S.M. El-Darier , 2002. Allelopathic Effects of Eucalyptus rostrata on Growth, Nutrient Uptake and Metabolite Accumulation of Vicia faba L. and Zea mays L.. Pakistan Journal of Biological Sciences, 5: 6-11.

DOI: 10.3923/pjbs.2002.6.11

URL: https://scialert.net/abstract/?doi=pjbs.2002.6.11

Introduction

The interaction of plants through chemical signals ‘allelopathy’ has many possible agricultural and ecological applications (Nelson, 1996). The interest in diversifying farm income and reducing environmental impacts on agriculture has led to the development of alley cropping systems in many districts in the Nile Valley and some irrigated areas in the north western desert of Egypt. Similar to these types of production systems, trees and or shrubs are established in hedge rows on crop land with agronomic crops, young fruit trees or pasture grasses cultivated in the alleys (Jose and Gillespie, 1998). The crops most often planted in these regions include maize (Zea mays L.), broad bean (Vicia faba L.), wheat (Triticum spp.), barley (Hordeum vulgare L.), berseem (Trifolium alexandrinum L.), potato (Solanum tuberosum L.), tomato (Lycopersicon esculentum Mill.) and other vegetables combined with trees such as Eucalyptus spp., Casuarina spp., Salix spp., Morus spp., Date palm and others. The Eucalyptus species are considered the most notorious of allelopathic trees causing understory suppression specially in dry climates and when water is scarce (rainfall<400mm) (May and Ash, 1990; Thor, 1997). Debris from the tree pruning and litter reduces agricultural yields, whereas the leaves are unpalatable and possibly allelopathic to pasture growth (Anderson, 1990). Several studies (Alexander, 1989; Kohli et al., 1988; Moore, 1997; Paulino et al., 1987) revealed that large areas of the ground surface beneath the Eucalyptus remains completely bare and ground vegetation is very limited in extent, tending to be concentrated in wetter hollows. Evidences were obtained about the progressive degradation of the soil under Eucalyptus through the increase of cation exchange capacity (CEC) and the decrease in both pH and base saturation (Alexander, 1989).
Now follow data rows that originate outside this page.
(* Let $p_1,\dots,p_n$ be distinct primes and $G=C_{p_1\cdots p_n}$ the cyclic group of order $p_1\cdots p_n$. Then the width of $G$ equals $n$.
   Context: For a finite group $G$, an arrow is a pair $(H,K)$ of subgroups with $H\leqslant K$; identity arrows are those with $H=K$. A $G$-transfer system is a set of arrows containing all identities and closed under composition ($(H,K),(K,L)\Rightarrow(H,L)$), conjugation ($(H,K)\Rightarrow(gHg^{-1},gKg^{-1})$) and restriction ($(H,K)$ and $L\leqslant K\Rightarrow(H\cap L,L)$). For a set $S$ of non-identity arrows, $\langle S\rangle$ is the smallest transfer system containing $S$. A minimal generating set of a transfer system $\mathsf{T}$ is a set $S\subseteq\mathsf{T}$ of non-identity arrows with $\langle S\rangle=\mathsf{T}$ and $\langle S\setminus\{s\}\rangle\neq\mathsf{T}$ for all $s\in S$; all such sets have the same cardinality $\mathfrak{m}(\mathsf{T})$. The width of $G$ is $\mathfrak{m}$ of the complete transfer system (the transfer system consisting of all arrows). *)

theory Defs
  imports "HOL-Algebra.Algebra" "HOL-Computational_Algebra.Primes"
begin

definition arrows :: "('a, 'b) monoid_scheme \<Rightarrow> ('a set \<times> 'a set) set" where
  "arrows G = {(H, K). subgroup H G \<and> subgroup K G \<and> H \<subseteq> K}"

definition conj_set :: "('a, 'b) monoid_scheme \<Rightarrow> 'a \<Rightarrow> 'a set \<Rightarrow> 'a set" where
  "conj_set G g H = (\<lambda>h. g \<otimes>\<^bsub>G\<^esub> h \<otimes>\<^bsub>G\<^esub> inv\<^bsub>G\<^esub> g) ` H"

definition transfer_system :: "('a, 'b) monoid_scheme \<Rightarrow> ('a set \<times> 'a set) set \<Rightarrow> bool" where
  "transfer_system G T \<longleftrightarrow>
     T \<subseteq> arrows G \<and>
     (\<forall>H. subgroup H G \<longrightarrow> (H, H) \<in> T) \<and>
     (\<forall>H K L. (H, K) \<in> T \<and> (K, L) \<in> T \<longrightarrow> (H, L) \<in> T) \<and>
     (\<forall>H K g. (H, K) \<in> T \<and> g \<in> carrier G \<longrightarrow> (conj_set G g H, conj_set G g K) \<in> T) \<and>
     (\<forall>H K L. (H, K) \<in> T \<and> subgroup L G \<and> L \<subseteq> K \<longrightarrow> (H \<inter> L, L) \<in> T)"

definition generated_ts :: "('a, 'b) monoid_scheme \<Rightarrow> ('a set \<times> 'a set) set \<Rightarrow> ('a set \<times> 'a set) set" where
  "generated_ts G S = \<Inter>{T. transfer_system G T \<and> S \<subseteq> T}"

definition minimal_generating_set ::
  "('a, 'b) monoid_scheme \<Rightarrow> ('a set \<times> 'a set) set \<Rightarrow> ('a set \<times> 'a set) set \<Rightarrow> bool" where
  "minimal_generating_set G S T \<longleftrightarrow>
     S \<subseteq> T \<and> (\<forall>(H, K) \<in> S. H \<noteq> K) \<and> generated_ts G S = T \<and>
     (\<forall>s \<in> S. generated_ts G (S - {s}) \<noteq> T)"

text \<open>m(T): the (common) cardinality of minimal generating sets of T.\<close>
definition mgen :: "('a, 'b) monoid_scheme \<Rightarrow> ('a set \<times> 'a set) set \<Rightarrow> nat" where
  "mgen G T = card (SOME S. minimal_generating_set G S T)"

definition width :: "('a, 'b) monoid_scheme \<Rightarrow> nat" where
  "width G = mgen G (arrows G)"

end

theory Submission
  imports Defs "HOL-Computational_Algebra.Squarefree"
begin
The most affected crops in terms of production in the study area are Vicia faba and Zea mays (personal communication with some indigenous farmers and visual field observations) which may be due to multiple habitat factors such as poor tillage, intensive and mixed agriculture, quality of irrigation water, past crop residues and harmful effects of neighbouring plants. The main objectives of the current work are: 1) analyzing the range of the allelopathic effects exerted by Eucalyptus rostrata on some biochemical and physiological processes of broad bean and maize and 2) to discuss the difference in tolerance of the two species to allelopathy.

Materials and Methods

Field site: The field site of the present study includes areas of 5 feddans (460 x 460 m2) surrounded from all sides by two rows of Eucalyptus trees. Between the two rows, an irrigation canal was entrenched. This canal became as a continuous source of Eucalyptus leaf-litter extracts affecting the entire farm, besides the direct effect of Eucalyptus leaf litter falling on the ground.
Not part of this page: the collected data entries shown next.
(* Let $c$ be a minimal-cellular cubic coordinate of size $n$ and let $i\in[n-1]$. If $c'=\uparrow_{i+1}(\uparrow_{i+2}(\cdots(\uparrow_{n-1}(c))\cdots))$ is well-defined (for $i=n-1$ this is $c'=c$), then $\uparrow_i(c')$ is well-defined.
   Context: A Tamari diagram of size $n$ is a word $u=u_1\cdots u_n$ of integers with $0\leq u_i\leq n-i$ and $u_{i+j}\leq u_i-j$ for all $i\in[n]$, $0\leq j\leq u_i$. A dual Tamari diagram of size $n$ is a word $v$ of integers with $0\leq v_i\leq i-1$ and $v_{i-j}\leq v_i-j$ for all $i\in[n]$, $0\leq j\leq v_i$. $(u,v)$ is a Tamari interval diagram if moreover for all $1\leq i<j\leq n$ with $j-i\leq u_i$ one has $v_j<j-i$. A cubic coordinate of size $n$ is $c\in\mathbb{Z}^{n-1}$ such that $(u,v)$ with $u_i=\max(c_i,0)$ ($i\in[n-1]$), $u_n=0$, $v_1=0$, $v_i=|\min(c_{i-1},0)|$ ($2\leq i\leq n$) is a Tamari interval diagram. For a cubic coordinate $c$ and $i\in[n-1]$, the minimal increase $\uparrow_i(c)$ is well-defined when there exists a cubic coordinate agreeing with $c$ outside position $i$ and with $i$-th entry $>c_i$; then $\uparrow_i(c)$ is obtained from $c$ by replacing $c_i$ by the smallest integer $t>c_i$ such that the result is a cubic coordinate (equivalently, it covers $c$ in the componentwise order and differs from $c$ only at position $i$). $c$ is minimal-cellular if $\uparrow_i(c)$ is well-defined for every $i\in[n-1]$. *)

theory Defs
  imports Main
begin

(* Words are functions nat => int, read 1-indexed on positions 1..n. *)

definition tamari_diagram :: "nat \<Rightarrow> (nat \<Rightarrow> int) \<Rightarrow> bool" where
  "tamari_diagram n u \<longleftrightarrow>
     (\<forall>i\<in>{1..n}. 0 \<le> u i \<and> u i \<le> int n - int i) \<and>
     (\<forall>i\<in>{1..n}. \<forall>j::nat. int j \<le> u i \<longrightarrow> u (i + j) \<le> u i - int j)"

definition dual_tamari_diagram :: "nat \<Rightarrow> (nat \<Rightarrow> int) \<Rightarrow> bool" where
  "dual_tamari_diagram n v \<longleftrightarrow>
     (\<forall>i\<in>{1..n}. 0 \<le> v i \<and> v i \<le> int i - 1) \<and>
     (\<forall>i\<in>{1..n}. \<forall>j::nat. int j \<le> v i \<longrightarrow> v (i - j) \<le> v i - int j)"

definition tamari_interval_diagram :: "nat \<Rightarrow> (nat \<Rightarrow> int) \<Rightarrow> (nat \<Rightarrow> int) \<Rightarrow> bool" where
  "tamari_interval_diagram n u v \<longleftrightarrow>
     tamari_diagram n u \<and> dual_tamari_diagram n v \<and>
     (\<forall>i j. 1 \<le> i \<and> i < j \<and> j \<le> n \<and> int (j - i) \<le> u i \<longrightarrow> v j < int (j - i))"

(* A cubic coordinate c = (c_1,...,c_{n-1}) is stored as a list; c_k = c ! (k - 1). *)
definition u_of :: "nat \<Rightarrow> int list \<Rightarrow> nat \<Rightarrow> int" where
  "u_of n c i = (if 1 \<le> i \<and> i \<le> n - 1 then max (c ! (i - 1)) 0 else 0)"

definition v_of :: "nat \<Rightarrow> int list \<Rightarrow> nat \<Rightarrow> int" where
  "v_of n c i = (if 2 \<le> i \<and> i \<le> n then \<bar>min (c ! (i - 2)) 0\<bar> else 0)"

definition cubic_coordinate :: "nat \<Rightarrow> int list \<Rightarrow> bool" where
  "cubic_coordinate n c \<longleftrightarrow> 1 \<le> n \<and> length c = n - 1 \<and>
     tamari_interval_diagram n (u_of n c) (v_of n c)"

definition up_defined :: "nat \<Rightarrow> int list \<Rightarrow> nat \<Rightarrow> bool" where
  "up_defined n c i \<longleftrightarrow> (\<exists>t. t > c ! (i - 1) \<and> cubic_coordinate n (c[i - 1 := t]))"

definition up :: "nat \<Rightarrow> int list \<Rightarrow> nat \<Rightarrow> int list" where
  "up n c i = c[i - 1 := (LEAST t. t > c ! (i - 1) \<and> cubic_coordinate n (c[i - 1 := t]))]"

definition up_opt :: "nat \<Rightarrow> int list \<Rightarrow> nat \<Rightarrow> int list option" where
  "up_opt n c i = (if up_defined n c i then Some (up n c i) else None)"

definition minimal_cellular :: "nat \<Rightarrow> int list \<Rightarrow> bool" where
  "minimal_cellular n c \<longleftrightarrow> cubic_coordinate n c \<and> (\<forall>i\<in>{1..n - 1}. up_defined n c i)"

(* up_chain n c i = \<up>_{i+1}(\<up>_{i+2}(...\<up>_{n-1}(c)...)): applies \<up>_{n-1} first;
   None if some step is not well-defined. For i = n-1 it is Some c. *)
definition up_chain :: "nat \<Rightarrow> int list \<Rightarrow> nat \<Rightarrow> int list option" where
  "up_chain n c i = fold (\<lambda>k oc. Option.bind oc (\<lambda>x. up_opt n x k)) (rev [i + 1..<n]) (Some c)"

end

theory Submission
  imports Defs
begin

(* The chain up_{i+1}, ..., up_{n-1} only raises entries at positions > i, so c' agrees with c
   up to position i and dominates it componentwise; hence the dual diagram of c' is bounded by
   that of c beyond position i + 1. If c_i < 0, setting the i-th entry of c' to 0 is always
   allowed. If c_i >= 0, pick t0 > c_i witnessing that up_i(c) is defined, and let F be the least
   f >= i + t0 such that k + u'_k <= f for every k in (i, f]. Raising u'_i to F - i keeps a
   Tamari interval diagram: a position k < i whose arc reaches i reaches i + t0 in the witness
   diagram, hence reaches F; the interval condition at b <= i + t0 is inherited from the witness;
   and for b > i + t0 minimality of F yields k in (i, b) with k + u'_k >= b, whose own interval
   condition bounds v'_b. *)

definition reach_closed :: "(nat \<Rightarrow> int) \<Rightarrow> nat \<Rightarrow> nat \<Rightarrow> bool" where
  "reach_closed u i f \<longleftrightarrow> (\<forall>k. i < k \<and> k \<le> f \<longrightarrow> int k + u k \<le> int f)"

lemma tamari_diagram_reach_closed_end:
  assumes "tamari_diagram n u"
  shows "reach_closed u i n"
  unfolding reach_closed_def
proof (intro allI impI)
  fix k assume "i < k \<and> k \<le> n"
  then have "u k \<le> int n - int k" using assms unfolding tamari_diagram_def by auto
  then show "int k + u k \<le> int n" by simp
qed

lemma tamari_diagram_reach_closed:
  assumes u: "tamari_diagram n u" and k: "k \<in> {1..n}" "k \<le> i"
  shows "reach_closed u i (k + nat (u k))"
  unfolding reach_closed_def
proof (intro allI impI)
  fix m assume m: "i < m \<and> m \<le> k + nat (u k)"
  have "0 \<le> u k" using u k unfolding tamari_diagram_def by auto
  then have "int (m - k) \<le> u k" using m k by auto
  then have "u (k + (m - k)) \<le> u k - int (m - k)"
    using u k unfolding tamari_diagram_def by blast
  then show "int m + u m \<le> int (k + nat (u k))" using m k by auto
qed

lemma tamari_interval_diagram_raise:
  assumes D: "tamari_interval_diagram n u v" and i: "1 \<le> i" "i \<le> F" "F \<le> n"
    and closed: "reach_closed u i F"
    and outer: "\<And>k. 1 \<le> k \<Longrightarrow> k < i \<Longrightarrow> int (i - k) \<le> u k \<Longrightarrow> int F \<le> int k + u k"
    and v_small: "\<And>b. i < b \<Longrightarrow> b \<le> F \<Longrightarrow> v b < int (b - i)"
  shows "tamari_interval_diagram n (u(i := int (F - i))) v"
proof -
  let ?U = "u(i := int (F - i))"
  have bound: "\<And>k. k \<in> {1..n} \<Longrightarrow> 0 \<le> u k \<and> u k \<le> int n - int k"
    and nest: "\<And>k j. k \<in> {1..n} \<Longrightarrow> int j \<le> u k \<Longrightarrow> u (k + j) \<le> u k - int j"
    and inter: "\<And>a b. 1 \<le> a \<Longrightarrow> a < b \<Longrightarrow> b \<le> n \<Longrightarrow> int (b - a) \<le> u a \<Longrightarrow> v b < int (b - a)"
    using D unfolding tamari_interval_diagram_def tamari_diagram_def by auto
  have "tamari_diagram n ?U"
    unfolding tamari_diagram_def
  proof (intro conjI ballI allI impI)
    fix k assume "k \<in> {1..n}"
    then show "0 \<le> ?U k" "?U k \<le> int n - int k" using bound i by auto
  next
    fix k j assume k: "k \<in> {1..n}" and j: "int j \<le> ?U k"
    consider "k = i" | "k \<noteq> i" "k + j = i" | "k \<noteq> i" "k + j \<noteq> i" by blast
    then show "?U (k + j) \<le> ?U k - int j"
    proof cases
      case 1
      show ?thesis
      proof (cases "j = 0")
        case False
        have "i + j \<le> F" using j i 1 by auto
        then have "int (i + j) + u (i + j) \<le> int F"
          using closed False unfolding reach_closed_def by (metis less_add_same_cancel1 not_gr0)
        then show ?thesis using 1 False i by auto
      qed (simp add: 1)
    next
      case 2
      then show ?thesis using outer[of k] j k i by auto
    next
      case 3
      then show ?thesis using nest[OF k, of j] j by auto
    qed
  qed
  moreover have "v b < int (b - a)"
    if "1 \<le> a" "a < b" "b \<le> n" "int (b - a) \<le> ?U a" for a b
    using that inter[of a b] v_small[of b] i by (cases "a = i") auto
  ultimately show ?thesis using D unfolding tamari_interval_diagram_def by blast
qed

lemma tamari_interval_diagram_raise_exists:
  assumes D: "tamari_interval_diagram n u v" and D0: "tamari_interval_diagram n u0 v0"
    and i: "1 \<le> i" "i \<le> n"
    and agree: "\<And>k. k < i \<Longrightarrow> u0 k = u k" and v_le: "\<And>j. i < j \<Longrightarrow> v j \<le> v0 j"
  shows "\<exists>T::nat. u0 i \<le> int T \<and> tamari_interval_diagram n (u(i := int T)) v"
proof -
  have u: "tamari_diagram n u" and u0: "tamari_diagram n u0"
    using D D0 unfolding tamari_interval_diagram_def by auto
  have inter: "\<And>a b. 1 \<le> a \<Longrightarrow> a < b \<Longrightarrow> b \<le> n \<Longrightarrow> int (b - a) \<le> u a \<Longrightarrow> v b < int (b - a)"
    and inter0: "\<And>b. i < b \<Longrightarrow> b \<le> n \<Longrightarrow> int (b - i) \<le> u0 i \<Longrightarrow> v0 b < int (b - i)"
    using D D0 i unfolding tamari_interval_diagram_def by auto
  have u0_i: "0 \<le> u0 i" "u0 i \<le> int n - int i" using u0 i unfolding tamari_diagram_def by auto
  define e where "e = i + nat (u0 i)"
  define F where "F = (LEAST f. e \<le> f \<and> reach_closed u i f)"
  have "e \<le> n \<and> reach_closed u i n"
    using u0_i tamari_diagram_reach_closed_end[OF u] unfolding e_def by auto
  then have eF: "e \<le> F" and closed: "reach_closed u i F" and "F \<le> n"
    and F_least: "\<And>f. f < F \<Longrightarrow> e \<le> f \<Longrightarrow> \<not> reach_closed u i f"
    unfolding F_def by (auto intro: LeastI2 Least_le dest: not_less_Least)
  have "tamari_interval_diagram n (u(i := int (F - i))) v"
  proof (rule tamari_interval_diagram_raise[OF D i(1) _ \<open>F \<le> n\<close> closed])
    show "i \<le> F" using eF unfolding e_def by simp
  next
    fix k assume k: "1 \<le> k" "k < i" "int (i - k) \<le> u k"
    then have "k \<in> {1..n}" "int (i - k) \<le> u0 k" using agree[of k] i by auto
    then have "u0 (k + (i - k)) \<le> u0 k - int (i - k)"
      using u0 unfolding tamari_diagram_def by blast
    then have "e \<le> k + nat (u k)" using k agree[of k] unfolding e_def by auto
    moreover have "reach_closed u i (k + nat (u k))"
      using tamari_diagram_reach_closed[OF u] k i by auto
    ultimately have "F \<le> k + nat (u k)" using F_least not_le by blast
    then show "int F \<le> int k + u k" using k by auto
  next
    fix b assume b: "i < b" "b \<le> F"
    show "v b < int (b - i)"
    proof (cases "b \<le> e")
      case True
      then show ?thesis using inter0[of b] v_le[of b] b \<open>F \<le> n\<close> unfolding e_def by force
    next
      case False
      then have "\<not> reach_closed u i (b - 1)" using F_least[of "b - 1"] b by auto
      then obtain k where k: "i < k" "k \<le> b - 1" "int (b - 1) < int k + u k"
        unfolding reach_closed_def by auto
      then have "v b < int (b - k)" using inter[of k b] b i \<open>F \<le> n\<close> by auto
      then show ?thesis using k by auto
    qed
  qed
  moreover have "u0 i \<le> int (F - i)" using eF u0_i unfolding e_def by auto
  ultimately show ?thesis by blast
qed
Seed material: Seeds of broad bean (Vicia faba L., cv. Giza-1, family: Fabaceae) and grains of maize (Zea mays L., cv. Giza-2, family: Poaceae) were generously supplied by the Egyptian Ministry of Agriculture, El-Behira Province Authority. Laboratory experiments were conducted at the Department of Botany, Faculty of Science, Alexandria University for one growing season during 2000. Seeds and grains were thoroughly washed with distilled water and surface sterilized in 90% ethanol for 2 minutes, followed by soaking for 5 minutes in a solution of 20% commercial Clorox (5.25% sodium hypochlorite), then rinsed four times with distilled water.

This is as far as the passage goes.